(* Let $\mathcal{G}$ be an ultragraph and suppose there exists $n\geq1$ such that $X_1,\dots,X_n\neq\emptyset$ and $\big(\bigcup_{e\in\mathcal{G}^1}r(e)\big)\cup s(\mathcal{G}^1)=\bigcup_{i=1}^n(\overline{X_i}\cup I_i)$. Let $R$ be a field, $N$ an $R$-vector space and $\pi:L_R(\mathcal{G})\to\mathrm{Hom}_R(N)$ a representation, and suppose that $N_{r(e)}=\bigoplus_{v\in r(e)}N_v$ for each $e\in\mathcal{G}^1$. Let $M=\pi(L_R(\mathcal{G}))(N)$ and let $\widetilde{\pi}:L_R(\mathcal{G})\to\mathrm{Hom}_R(M)$ be the restriction of $\pi$. If $N_v=\bigoplus_{e\in s^{-1}(v)}N_e$ for each vertex $v$ which is not a sink, then $\widetilde{\pi}$ is equivalent to a representation induced by some $\mathcal{G}$-algebraic branching system.
   Context: An ultragraph $\mathcal{G}=(G^0,\mathcal{G}^1,r,s)$ consists of sets $G^0$, $\mathcal{G}^1$, a map $s:\mathcal{G}^1\to G^0$ and a map $r:\mathcal{G}^1\to P(G^0)\setminus\{\emptyset\}$. $\mathcal{G}^0$ is the smallest subset of $P(G^0)$ containing $\{v\}$ ($v\in G^0$) and $r(e)$ ($e\in\mathcal{G}^1$), closed under finite unions and intersections; write $p_v=p_{\{v\}}$, $D_v=D_{\{v\}}$. A vertex $v$ is a sink if $s^{-1}(v)=\emptyset$. $L_R(\mathcal{G})$ is the universal $R$-algebra generated by $\{s_e,s_e^*:e\in\mathcal{G}^1\}\cup\{p_A:A\in\mathcal{G}^0\}$ subject to: (1) $p_\emptyset=0$, $p_Ap_B=p_{A\cap B}$, $p_{A\cup B}=p_A+p_B-p_{A\cap B}$; (2) $p_{s(e)}s_e=s_ep_{r(e)}=s_e$, $p_{r(e)}s_e^*=s_e^*p_{s(e)}=s_e^*$; (3) $s_e^*s_f=\delta_{e,f}p_{r(e)}$; (4) $p_v=\sum_{s(e)=v}s_es_e^*$ whenever $0<|s^{-1}(v)|<\infty$. For $\pi$ as in the claim, $N_A=\pi(p_A)(N)$, $N_v=N_{\{v\}}$, $N_e=\pi(s_es_e^* )(N)$. Extreme vertices: for an ultragraph, an extreme vertex is a set $A\in r(\mathcal{G}^1)\cup\{\{s(e)\}:e\in\mathcal{G}^1\}$ such that either $A=r(e)$ for some edge $e$ and $A\cap\bigcup_{f\neq e}r(f)=\emptyset=A\cap s(\mathcal{G}^1)$, or $A=\{s(e)\}$ for some edge $e$ and $A\cap s(\mathcal{G}^1\setminus\{e\})=\emptyset=A\cap\bigcup_{f\in\mathcal{G}^1}r(f)$; this $e$ is the extreme edge of $A$. The isolated vertices of an ultragraph are the vertices lying in no $r(e)$ and not equal to any $s(e)$. Inductive construction: $I_0$ = isolated vertices of $\mathcal{G}$, $\mathbb{G}_0=(G^0\setminus I_0,\mathcal{G}^1,r,s)$; $X_1,Y_1$ = extreme vertices and extreme edges of $\mathbb{G}_0$, $\overline{X_1}=\bigcup_{A\in X_1}A$; $I_1$ = isolated vertices of $(G^0\setminus(I_0\cup\overline{X_1}),\mathcal{G}^1\setminus Y_1,r,s)$ and $\mathbb{G}_1=(G^0\setminus(I_0\cup I_1\cup\overline{X_1}),\mathcal{G}^1\setminus Y_1,r,s)$. In general, while $X_k\neq\emptyset$, $X_{k+1},Y_{k+1}$ are the extreme vertices and extreme edges of $\mathbb{G}_k$, $\overline{X_{k+1}}=\bigcup_{A\in X_{k+1}}A$, $I_{k+1}$ is the set of isolated vertices of $(G^0\setminus(I_0\cup\dots\cup I_k\cup\overline{X_1}\cup\dots\cup\overline{X_{k+1}}),\mathcal{G}^1\setminus(Y_1\cup\dots\cup Y_{k+1}),r,s)$, and $\mathbb{G}_{k+1}$ is this ultragraph with the vertices of $I_{k+1}$ also removed. A $\mathcal{G}$-algebraic branching system on a set $X$ is a family of subsets $R_e,D_A\subseteq X$ and maps $f_e$ with: (i) $R_e\cap R_f=\emptyset$ for $e\neq f$; (ii) $D_\emptyset=\emptyset$, $D_A\cap D_B=D_{A\cap B}$, $D_A\cup D_B=D_{A\cup B}$; (iii) $R_e\subseteq D_{s(e)}$; (iv) $D_v=\bigcup_{e\in s^{-1}(v)}R_e$ whenever $0<|s^{-1}(v)|<\infty$; (v) $f_e:D_{r(e)}\to R_e$ is a bijection. The representation induced by it acts on the $R$-module $M'$ of maps $X\to R$ (all maps, or those with finite support) by $\pi'(s_e)(\phi)(x)=\phi(f_e^{-1}(x))$ for $x\in R_e$ and $0$ otherwise, $\pi'(s_e^* )(\phi)(x)=\phi(f_e(x))$ for $x\in D_{r(e)}$ and $0$ otherwise, $\pi'(p_A)(\phi)=1_{D_A}\phi$. Two representations $\rho:L_R(\mathcal{G})\to\mathrm{Hom}_R(M)$, $\rho':L_R(\mathcal{G})\to\mathrm{Hom}_R(M')$ are equivalent if there is an $R$-module isomorphism $T:M\to M'$ with $T\circ\rho(a)=\rho'(a)\circ T$ for all $a$. *)

theory Defs
  imports Complex_Main
begin

text \<open>An ultragraph is given by a vertex set G0, an edge set G1, a range map r
  and a source map s (the maps are total functions, only their values on G1 matter).\<close>

definition ultragraph :: "'v set \<Rightarrow> 'e set \<Rightarrow> ('e \<Rightarrow> 'v set) \<Rightarrow> ('e \<Rightarrow> 'v) \<Rightarrow> bool" where
  "ultragraph G0 G1 r s \<longleftrightarrow> (\<forall>e\<in>G1. s e \<in> G0 \<and> r e \<subseteq> G0 \<and> r e \<noteq> {})"

text \<open>The family \<open>\<G>^0\<close>: smallest family containing the singletons, the ranges,
  and closed under finite unions and intersections (the empty union gives the empty set).\<close>

inductive_set gen0 :: "'v set \<Rightarrow> 'e set \<Rightarrow> ('e \<Rightarrow> 'v set) \<Rightarrow> 'v set set"
  for G0 :: "'v set" and G1 :: "'e set" and r :: "'e \<Rightarrow> 'v set" where
  empty: "{} \<in> gen0 G0 G1 r"
| vert: "v \<in> G0 \<Longrightarrow> {v} \<in> gen0 G0 G1 r"
| rng: "e \<in> G1 \<Longrightarrow> r e \<in> gen0 G0 G1 r"
| un: "A \<in> gen0 G0 G1 r \<Longrightarrow> B \<in> gen0 G0 G1 r \<Longrightarrow> A \<union> B \<in> gen0 G0 G1 r"
| int: "A \<in> gen0 G0 G1 r \<Longrightarrow> B \<in> gen0 G0 G1 r \<Longrightarrow> A \<inter> B \<in> gen0 G0 G1 r"

definition isolated :: "'v set \<Rightarrow> 'e set \<Rightarrow> ('e \<Rightarrow> 'v set) \<Rightarrow> ('e \<Rightarrow> 'v) \<Rightarrow> 'v set" where
  "isolated V E r s = {v \<in> V. v \<notin> (\<Union>e\<in>E. r e) \<and> v \<notin> s ` E}"

definition extreme :: "'e set \<Rightarrow> ('e \<Rightarrow> 'v set) \<Rightarrow> ('e \<Rightarrow> 'v) \<Rightarrow> 'v set \<Rightarrow> 'e \<Rightarrow> bool" where
  "extreme E r s A e \<longleftrightarrow> e \<in> E \<and>
     ((A = r e \<and> A \<inter> (\<Union>f\<in>E - {e}. r f) = {} \<and> A \<inter> s ` E = {})
    \<or> (A = {s e} \<and> A \<inter> s ` (E - {e}) = {} \<and> A \<inter> (\<Union>f\<in>E. r f) = {}))"

definition extreme_vertices :: "'e set \<Rightarrow> ('e \<Rightarrow> 'v set) \<Rightarrow> ('e \<Rightarrow> 'v) \<Rightarrow> 'v set set" where
  "extreme_vertices E r s = {A. \<exists>e. extreme E r s A e}"

definition extreme_edges :: "'e set \<Rightarrow> ('e \<Rightarrow> 'v set) \<Rightarrow> ('e \<Rightarrow> 'v) \<Rightarrow> 'e set" where
  "extreme_edges E r s = {e. \<exists>A. extreme E r s A e}"

text \<open>\<open>stage G0 G1 r s k\<close> = (vertex set, edge set) of the ultragraph \<open>\<bbbG>_k\<close>.\<close>
fun stage :: "'v set \<Rightarrow> 'e set \<Rightarrow> ('e \<Rightarrow> 'v set) \<Rightarrow> ('e \<Rightarrow> 'v) \<Rightarrow> nat \<Rightarrow> 'v set \<times> 'e set" where
  "stage G0 G1 r s 0 = (G0 - isolated G0 G1 r s, G1)"
| "stage G0 G1 r s (Suc k) =
     (let V = fst (stage G0 G1 r s k); E = snd (stage G0 G1 r s k);
          V1 = V - \<Union>(extreme_vertices E r s); E1 = E - extreme_edges E r s
      in (V1 - isolated V1 E1 r s, E1))"

text \<open>\<open>Xk \<dots> k\<close> = X_k (for k \<ge> 1), the extreme vertices of \<open>\<bbbG>_{k-1}\<close>.\<close>
definition Xk :: "'v set \<Rightarrow> 'e set \<Rightarrow> ('e \<Rightarrow> 'v set) \<Rightarrow> ('e \<Rightarrow> 'v) \<Rightarrow> nat \<Rightarrow> 'v set set" where
  "Xk G0 G1 r s k = extreme_vertices (snd (stage G0 G1 r s (k - 1))) r s"

fun Ik :: "'v set \<Rightarrow> 'e set \<Rightarrow> ('e \<Rightarrow> 'v set) \<Rightarrow> ('e \<Rightarrow> 'v) \<Rightarrow> nat \<Rightarrow> 'v set" where
  "Ik G0 G1 r s 0 = isolated G0 G1 r s"
| "Ik G0 G1 r s (Suc k) =
     (let V = fst (stage G0 G1 r s k); E = snd (stage G0 G1 r s k)
      in isolated (V - \<Union>(extreme_vertices E r s)) (E - extreme_edges E r s) r s)"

━━━━━━━━━━

WORK TASK |
Which lines in the records above contain the string "longleftrightarrow"? Copy each one.

WORKED SOLUTION |
  "ultragraph G0 G1 r s \<longleftrightarrow> (\<forall>e\<in>G1. s e \<in> G0 \<and> r e \<subseteq> G0 \<and> r e \<noteq> {})"
  "extreme E r s A e \<longleftrightarrow> e \<in> E \<and>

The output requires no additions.